Simulation and Experiment on Surface Morphology and Mechanical Properties Response in Nano-Indentation of 6H-SiC

The nano-indentation test for 6H-SiC is carried out with a Berkovich indenter. The indentation surface morphology is analyzed by SEM, which show that when the maximum load P (max) is 8 mN, there is only plastic deformation and no cracks on the surface of workpiece after unloading process, and when P (max) is 10 mN, there is the initiation of crack occurring on the surface of workpiece after unloading process. Based on the strain hardening model, the three-dimensional finite element method of nano-indentation for 6H-SiC is carried out. Simulation results show that in the unloading process the maximum stress and the maximum strain occur in the contact area between the workpiece with the indenter edges, which is consistent with the experimental results. When propagate to the surface from the subsurface, the cracks are subjected to the type I stress and the type II stress due to elastic recovery.

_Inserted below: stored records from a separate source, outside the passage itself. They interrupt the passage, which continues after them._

(* Let $\lambda\in\Lambda^+$ and let $M$ be a $\mathfrak g$-submodule of $\mathcal V(\lambda)$. For $\alpha\in\mathbb N^m$ and $\mu\subseteq[1,n]$ put $M_{\alpha,\mu}=\{v\in L^0(\lambda): x^\alpha y_\mu\otimes v\in M\}$ and $M^\flat=\bigcap_{\alpha,\mu}M_{\alpha,\mu}$. If $M^\flat\neq0$, then $M=\mathcal V(\lambda)$.
   Context: $\mathbb F$ algebraically closed of characteristic $0$, $m,n\ge1$. $\mathcal R=\mathbb F[x_1,\dots,x_m]\otimes\Lambda(y_1,\dots,y_n)$ ($x_i$ even, $y_s$ odd); $x^\alpha=\prod x_i^{\alpha_i}$, $y_\mu=y_{j_1}\cdots y_{j_r}$ for $\mu=\{j_1<\dots<j_r\}$. $\mathfrak g=W(m,n)$ the Lie superalgebra of superderivations of $\mathcal R$, free over $\mathcal R$ on $\partial_i$ (even) and $D_t$ (odd); $\mathfrak g_0\cong\mathfrak{gl}(m|n)$. $L^0(\lambda)$ is the finite-dimensional irreducible $\mathfrak g_0$-module of highest weight $\lambda\in\Lambda^+$ (dominant integral), representation $\xi$. $\mathcal V(\lambda)=\mathcal R\otimes L^0(\lambda)$ with action (homogeneous $f,g$): $f\partial_i.(g\otimes v)=f\partial_i(g)\otimes v+\sum_j\partial_j(f)g\otimes\xi(x_j\partial_i)v+(-1)^{\wp(f)+\wp(g)+1}\sum_jD_j(f)g\otimes\xi(y_j\partial_i)v$, $fD_i.(g\otimes v)=fD_i(g)\otimes v+(-1)^{\wp(g)}\sum_j\partial_j(f)g\otimes\xi(x_jD_i)v+(-1)^{\wp(f)+1}\sum_jD_j(f)g\otimes\xi(y_jD_i)v$. *)

theory Defs
  imports Main "HOL-Computational_Algebra.Polynomial"
begin

text \<open>Even variables x_0..x_(m-1), odd variables y_0..y_(n-1) (0-based).
A monomial x^alpha y_mu is a pair (alpha, mu) with alpha :: nat => nat, mu :: nat set.
The finite-dimensional super vector space L is F^d (vectors nat => 'a vanishing at k >= d),
with even part spanned by the coordinates k < d0 and odd part by d0 <= k < d.
gl(m|n) has basis z_a partial_b (a, b < m+n), where z_a = x_a (a < m), z_a = y_(a-m) (a >= m),
partial_b = d/dx_b (b < m), partial_b = D_(b-m) (b >= m). The representation xi assigns
to z_a partial_b the d x d matrix xi a b.\<close>

type_synonym mon = "(nat \<Rightarrow> nat) \<times> nat set"

definition alg_closed_field :: "'a::field itself \<Rightarrow> bool" where
  "alg_closed_field _ \<longleftrightarrow> (\<forall>p::'a poly. degree p \<ge> 1 \<longrightarrow> (\<exists>x. poly p x = 0))"

definition valid_mon :: "nat \<Rightarrow> nat \<Rightarrow> mon \<Rightarrow> bool" where
  "valid_mon m n g \<longleftrightarrow> (\<forall>k\<ge>m. fst g k = 0) \<and> snd g \<subseteq> {..<n}"

definition mpar :: "mon \<Rightarrow> nat" where
  "mpar g = card (snd g)"

definition dx :: "nat \<Rightarrow> mon \<Rightarrow> 'a::field \<times> mon" where
  "dx i g = (of_nat (fst g i), ((fst g)(i := fst g i - 1), snd g))"

text \<open>D_t (x^alpha y_mu) = coefficient * monomial (odd left derivation)\<close>
definition dy :: "nat \<Rightarrow> mon \<Rightarrow> 'a::field \<times> mon" where
  "dy t g = ((if t \<in> snd g then (-1) ^ card {s\<in>snd g. s < t} else 0), (fst g, snd g - {t}))"

text \<open>product of two monomials in the supercommutative algebra R\<close>
definition mmul :: "mon \<Rightarrow> mon \<Rightarrow> 'a::field \<times> mon" where
  "mmul f g = ((if snd f \<inter> snd g = {}
                then (-1) ^ card {(s,t). s \<in> snd f \<and> t \<in> snd g \<and> t < s} else 0),
               (\<lambda>k. fst f k + fst g k, snd f \<union> snd g))"

definition mulc :: "mon \<Rightarrow> 'a::field \<times> mon \<Rightarrow> 'a \<times> mon" where
  "mulc f cg = (fst cg * fst (mmul f (snd cg)), snd (mmul f (snd cg) :: 'a \<times> mon))"

definition cmulr :: "'a::field \<times> mon \<Rightarrow> mon \<Rightarrow> 'a \<times> mon" where
  "cmulr cf g = (fst cf * fst (mmul (snd cf) g), snd (mmul (snd cf) g :: 'a \<times> mon))"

After propagating to surface of workpiece, the cracks propagate along a fixed direction because the proportion of type I stress is much larger than that of type II stress. The influence of the cleavage plane on the propagation direction of cracks is obvious. The cracks propagate more easily when the indenter edges are along cleavage plane. The indentation depth and residual depth increase with the increase of P (max). While, the elastic recovery rate gradually decreases and tends to be stable with the increase of P (max). When P (max) is < 10 mN, the micro-hardness and the elastic modulus increase linearly with the increase of P (max). When P (max) exceeds 10 mN, the micro-hardness decreases with the increase of P (max) and then gradually tends to be stable, and the elastic modulus increases by power function with the increase of P (max) and then gradually tends to be stable.